そんなやりとりの中、イルミスは後ろを向いた。つられてライナもイルミスが振り向いた方向を見ると、木と木の間から満月が顔を出している。


「名残惜しいですが、そろそろ戻ります。……また、会いに来てもいいですか」


そう尋ねられて、ライナは先ほどの会話を思い出した。また花を買いに来てくれるという約束を。


「あの、本当にお花を? お気持ちはありがたいのですが、市場の方がお城からも近いですし、種類も豊富です。よければご紹介しましょうか」


先ほどまでは嬉しい気持ちでいっぱいだったが、いざ約束をするとなるとライナは気が引けてしまっていた。可能性は低いが、大口の注文など受けられそうもないし、何よりここは街の中心部から離れている。
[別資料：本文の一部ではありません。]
section \<open>Comparison with the kernel \<open>\<bar>x - y\<bar> powr -(1+s)\<close>\<close>

lemma nn_integral_dist_powr_atLeast:
  fixes x g s :: real assumes "x < g" "0 < s"
  shows "(\<integral>\<^sup>+y. ennreal (\<bar>x - y\<bar> powr -(1+s)) * indicator {g..} y \<partial>lborel)
    = ennreal ((g - x) powr -s / s)"
proof -
  have "(\<integral>\<^sup>+y. ennreal (\<bar>x - y\<bar> powr -(1+s)) * indicator {g..} y \<partial>lborel)
      = ennreal \<bar>1\<bar> * (\<integral>\<^sup>+t. ennreal (\<bar>x - (x + 1 * t)\<bar> powr -(1+s)) *
          indicator {g..} (x + 1 * t) \<partial>lborel)"
    by (rule nn_integral_real_affine) auto
  also have "\<dots> = (\<integral>\<^sup>+t. ennreal (t powr -(1+s)) * indicator {g-x..} t \<partial>lborel)"
    using assms by (auto simp: indicator_def intro!: nn_integral_cong)
  also have "\<dots> = ennreal (- ((g-x) powr (-(1+s)+1)) / (-(1+s)+1))"
    using assms by (intro nn_integral_has_integral_lebesgue' has_integral_powr_to_inf) auto
  finally show ?thesis by simp
qed

lemma nn_integral_dist_powr_atMost:
  fixes x g s :: real assumes "g < x" "0 < s"
  shows "(\<integral>\<^sup>+y. ennreal (\<bar>x - y\<bar> powr -(1+s)) * indicator {..g} y \<partial>lborel)
    = ennreal ((x - g) powr -s / s)"
proof -
  have "(\<integral>\<^sup>+y. ennreal (\<bar>x - y\<bar> powr -(1+s)) * indicator {..g} y \<partial>lborel)
      = ennreal \<bar>-1\<bar> * (\<integral>\<^sup>+t. ennreal (\<bar>x - (x + (-1) * t)\<bar> powr -(1+s)) *
          indicator {..g} (x + (-1) * t) \<partial>lborel)"
    by (rule nn_integral_real_affine) auto
  also have "\<dots> = (\<integral>\<^sup>+t. ennreal (t powr -(1+s)) * indicator {x-g..} t \<partial>lborel)"
    using assms by (auto simp: indicator_def intro!: nn_integral_cong)
  also have "\<dots> = ennreal (- ((x-g) powr (-(1+s)+1)) / (-(1+s)+1))"
    using assms by (intro nn_integral_has_integral_lebesgue' has_integral_powr_to_inf) auto
  finally show ?thesis by simp
qed

lemma nn_integral_powr_dist_left_end:
  fixes g1 g2 s :: real assumes "g1 < g2" "s < 1"
  shows "(\<integral>\<^sup>+x. ennreal ((x - g1) powr -s) * indicator {g1..g2} x \<partial>lborel)
    = ennreal ((g2 - g1) powr (1-s) / (1-s))"
proof -
  have "(\<integral>\<^sup>+x. ennreal ((x - g1) powr -s) * indicator {g1..g2} x \<partial>lborel)
      = ennreal \<bar>1\<bar> * (\<integral>\<^sup>+t. ennreal (((g1 + 1 * t) - g1) powr -s) *
          indicator {g1..g2} (g1 + 1 * t) \<partial>lborel)"
    by (rule nn_integral_real_affine) auto
  also have "\<dots> = (\<integral>\<^sup>+t. ennreal (t powr -s) * indicator {0..g2-g1} t \<partial>lborel)"
    using assms by (auto simp: indicator_def intro!: nn_integral_cong)
  also have "\<dots> = ennreal ((g2-g1) powr (-s+1) / (-s+1))"
    using assms by (intro nn_integral_has_integral_lebesgue' has_integral_powr_from_0) auto
  finally show ?thesis by simp
qed

lemma nn_integral_powr_dist_right_end:
  fixes g1 g2 s :: real assumes "g1 < g2" "s < 1"
  shows "(\<integral>\<^sup>+x. ennreal ((g2 - x) powr -s) * indicator {g1..g2} x \<partial>lborel)
    = ennreal ((g2 - g1) powr (1-s) / (1-s))"
proof -
  have "(\<integral>\<^sup>+x. ennreal ((g2 - x) powr -s) * indicator {g1..g2} x \<partial>lborel)
      = ennreal \<bar>-1\<bar> * (\<integral>\<^sup>+t. ennreal ((g2 - (g2 + (-1) * t)) powr -s) *
          indicator {g1..g2} (g2 + (-1) * t) \<partial>lborel)"
    by (rule nn_integral_real_affine) auto
  also have "\<dots> = (\<integral>\<^sup>+t. ennreal (t powr -s) * indicator {0..g2-g1} t \<partial>lborel)"
    using assms by (auto simp: indicator_def intro!: nn_integral_cong)
  also have "\<dots> = ennreal ((g2-g1) powr (-s+1) / (-s+1))"
    using assms by (intro nn_integral_has_integral_lebesgue' has_integral_powr_from_0) auto
  finally show ?thesis by simp
qed

lemma ball_I_meas_bounds:
  fixes x y :: real assumes "x \<in> {0..1}" "y \<in> {0..1}" "x \<noteq> y"
  shows "\<bar>x - y\<bar> \<le> ball_I_meas x \<bar>x - y\<bar>" and "ball_I_meas x \<bar>x - y\<bar> \<le> 2 * \<bar>x - y\<bar>"
proof -
  define r where "r = \<bar>x - y\<bar>"
  define B where "B = {z \<in> {0..1}. \<bar>x - z\<bar> < r}"
  have r: "r > 0" using assms by (simp add: r_def)
  have B_eq: "B = {0..1} \<inter> {x - r <..< x + r}" by (auto simp: B_def abs_less_iff)
  have "emeasure lborel B \<le> emeasure lborel {x - r <..< x + r}"
    unfolding B_eq by (intro emeasure_mono) auto
  then have upper: "emeasure lborel B \<le> ennreal (2 * r)" using r by simp
  have "{min x y <..< max x y} \<subseteq> B" using assms by (auto simp: B_def r_def)
  then have "emeasure lborel {min x y <..< max x y} \<le> emeasure lborel B"
    unfolding B_eq by (intro emeasure_mono) auto
  moreover have "max x y - min x y = r" by (auto simp: r_def)
  ultimately have lower: "ennreal r \<le> emeasure lborel B" by simp
  have "emeasure lborel B = ennreal (measure lborel B)"
    using upper by (intro emeasure_eq_ennreal_measure) (auto simp: top_unique)
  moreover have "ball_I_meas x r = measure lborel B" by (simp add: ball_I_meas_def B_def)
  ultimately show "r \<le> ball_I_meas x r" "ball_I_meas x r \<le> 2 * r"
    using upper lower r by (simp_all add: ennreal_le_iff2)
qed

definition besov_kernel :: "real \<Rightarrow> real \<Rightarrow> real \<Rightarrow> real" where
  "besov_kernel s x y = \<bar>x - y\<bar> powr -(1+s)"

lemma measurable_besov_kernel_pair[measurable]:
  "(\<lambda>(x, y). besov_kernel s x y) \<in> borel_measurable (lborel \<Otimes>\<^sub>M lborel)"
  unfolding besov_kernel_def by measurable

lemma measurable_besov_kernel[measurable]: "besov_kernel s x \<in> borel_measurable lborel"
  unfolding besov_kernel_def by measurable

lemma besov_kernel_commute: "besov_kernel s x y = besov_kernel s y x"
  by (simp add: besov_kernel_def abs_minus_commute)

lemma besov_integrand_bounds:
  fixes u :: "real \<Rightarrow> real"
  assumes "x \<in> {0..1}" "y \<in> {0..1}"
  shows "\<bar>u y - u x\<bar> / (\<bar>x - y\<bar> powr s * ball_I_meas x \<bar>x - y\<bar>) \<le> \<bar>u y - u x\<bar> * besov_kernel s x y"
      (is "?F \<le> ?K")
    and "\<bar>u y - u x\<bar> * besov_kernel s x y / 2 \<le> \<bar>u y - u x\<bar> / (\<bar>x - y\<bar> powr s * ball_I_meas x \<bar>x - y\<bar>)"
proof -
  define r where "r = \<bar>x - y\<bar>"
  define b where "b = ball_I_meas x r"
  define d where "d = \<bar>u y - u x\<bar>"
  have "d / (r powr s * b) \<le> d * besov_kernel s x y \<and> d * besov_kernel s x y / 2 \<le> d / (r powr s * b)"
  proof (cases "x = y")
    case False
    then have r: "r > 0" by (simp add: r_def)
    have b: "r \<le> b" "b \<le> 2 * r"
      using ball_I_meas_bounds[OF assms False] by (simp_all add: b_def r_def)
    have "besov_kernel s x y = 1 / r powr (1+s)"
      unfolding besov_kernel_def r_def[symmetric] by (rule powr_minus_divide)
    moreover have "r powr (1+s) = r powr s * r" using r by (simp add: powr_add)
    moreover have "d / (r powr s * b) \<le> d / (r powr s * r)" "d / (2 * (r powr s * r)) \<le> d / (r powr s * b)"
      using b r by (auto simp: d_def intro!: divide_left_mono mult_pos_pos)
    ultimately show ?thesis by simp
  qed (simp add: d_def)
  then show "?F \<le> ?K" "?K / 2 \<le> ?F" by (simp_all add: d_def r_def b_def)
qed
テトラ市場には他にも花屋があり、ライナも面識がある店がある。顧客を紹介することは、向こうにとって願ってもいない良い話になるだろう。もしかしたら、騎士団という王国直属の組織と繋がりが持てるかもしれないからだ。

そんなライナの提案に、イルミスは静かに首を振った。


「同じ花でも全然違います。ただ量産するだけなら、人手をかければすぐにできるかもしれない。私は、貴女の花に向き合う姿勢が好きなのです」

「わ、私……」


その言葉を聞いたライナはカラカラに喉が渇いて、うまく喋ることができない。相変わらずイルミスの本当の表情までは分からなかったが、彼を包んでいる雰囲気はとても柔らかく感じた。


「また来ます」


何度も振り返りながら立ち去るイルミスの後ろ姿を、ライナはぼうっと立ち尽くしたままずっと見送っていた。